(* Let $D=\mathrm{diag}(d_1,\dots,d_n)$ be a complex diagonal matrix and let $X\in\mathbb{C}^{n\times n}$. Then for every $k=1,\dots,n$, \[ \prod_{j=1}^k\sigma_j(X^*DX)\le\prod_{j=1}^k\sigma_j(X^*|D|X), \] where $|D|=\mathrm{diag}(|d_1|,\dots,|d_n|)$.
   Context: For a matrix $Y$, $\sigma_1(Y)\ge\sigma_2(Y)\ge\cdots\ge\sigma_n(Y)$ denote its singular values in nonincreasing order. $X^*$ is the conjugate transpose of $X$, and $|D|=(D^*D)^{1/2}$. *)

theory Defs
  imports "Jordan_Normal_Form.Schur_Decomposition" "HOL-Computational_Algebra.Polynomial"
begin

text \<open>Eigenvalues of a square complex matrix, listed with algebraic multiplicity
  (the order of the list is irrelevant, it is sorted below).\<close>
definition eigvals :: "complex mat \<Rightarrow> complex list" where
  "eigvals A = (SOME es. length es = dim_row A \<and>
      char_poly A = (\<Prod>e\<leftarrow>es. [:- e, 1:]))"

definition sing_vals :: "complex mat \<Rightarrow> real list" where
  "sing_vals Y = rev (sort (map (\<lambda>e. sqrt (Re e)) (eigvals (mat_adjoint Y * Y))))"

definition sigma :: "nat \<Rightarrow> complex mat \<Rightarrow> real" where
  "sigma j Y = sing_vals Y ! (j - 1)"

end

(* Write D = S U S with S = |D|^(1/2) and U a diagonal unitary matrix, and put B = S X, so that
   X^* D X = B^* U B and X^* |D| X = B^* B.  For M = B^* U B, the squared product of the k largest
   singular values of M is det (V^* M^* M V) for an isometry V onto top eigenvectors of M^* M, and
   with Z = U B V and G = B B^* this is det (Z^* G Z).  By Cauchy-Binet, det (Z^* H Z) is at most
   the product of the k largest eigenvalues of H times det (Z^* Z) for every positive semidefinite H.
   Applying this to H = G and then, as Z^* Z = V^* P V with P = B^* B, to H = P (which has the same
   eigenvalues as G) bounds the squared product for M by the square of the product for P. *)

theory Submission
  imports Defs "Jordan_Normal_Form.DL_Missing_Sublist"
begin

section \<open>Adjoints and unitary matrices\<close>

lemma dim_row_mat_adjoint[simp]: "dim_row (mat_adjoint A) = dim_col A"
  and dim_col_mat_adjoint[simp]: "dim_col (mat_adjoint A) = dim_row A"
  by (simp_all add: mat_adjoint_def)

lemma index_mat_adjoint[simp]:
  "i < dim_col A \<Longrightarrow> j < dim_row A \<Longrightarrow> mat_adjoint A $$ (i, j) = conjugate (A $$ (j, i))"
  by (simp add: mat_adjoint_def mat_of_rows_def)

lemma mat_adjoint_carrier[simp]: "A \<in> carrier_mat n m \<Longrightarrow> mat_adjoint A \<in> carrier_mat m n"
  unfolding carrier_mat_def by simp

lemma mat_adjoint_adjoint[simp]: "mat_adjoint (mat_adjoint A) = A"
  by (rule eq_matI) auto

lemma mat_adjoint_mult:
  fixes A B :: "'a :: conjugatable_field mat"
  assumes "A \<in> carrier_mat n m" and "B \<in> carrier_mat m p"
  shows "mat_adjoint (A * B) = mat_adjoint B * mat_adjoint A"
  using assms
  by (intro eq_matI)
    (auto simp: scalar_prod_def sum_conjugate conjugate_dist_mul mult.commute intro!: sum.cong)

lemma mat_adjoint_diag[simp]: "mat_adjoint (mat_diag n f) = mat_diag n (\<lambda>i. conjugate (f i))"
  by (rule eq_matI) (auto simp: mat_diag_def)

lemma conjugate_one[simp]: "conjugate (1 :: 'a :: conjugatable_field) = 1"
proof -
  have "conjugate (1 :: 'a) = conjugate 1 * conjugate (conjugate 1)" by simp
  also have "\<dots> = conjugate (1 * conjugate 1)" by (simp only: conjugate_dist_mul)
  finally show ?thesis by simp
qed

lemma mat_adjoint_one[simp]: "mat_adjoint (1\<^sub>m n :: 'a :: conjugatable_field mat) = 1\<^sub>m n"
  by (rule eq_matI) auto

=====

About this task ▸ Wherever the string "squared" appears in the entries above, return the line it appears on.

Output for this task ▸
   X^* D X = B^* U B and X^* |D| X = B^* B.  For M = B^* U B, the squared product of the k largest
   eigenvalues as G) bounds the squared product for M by the square of the product for P. *)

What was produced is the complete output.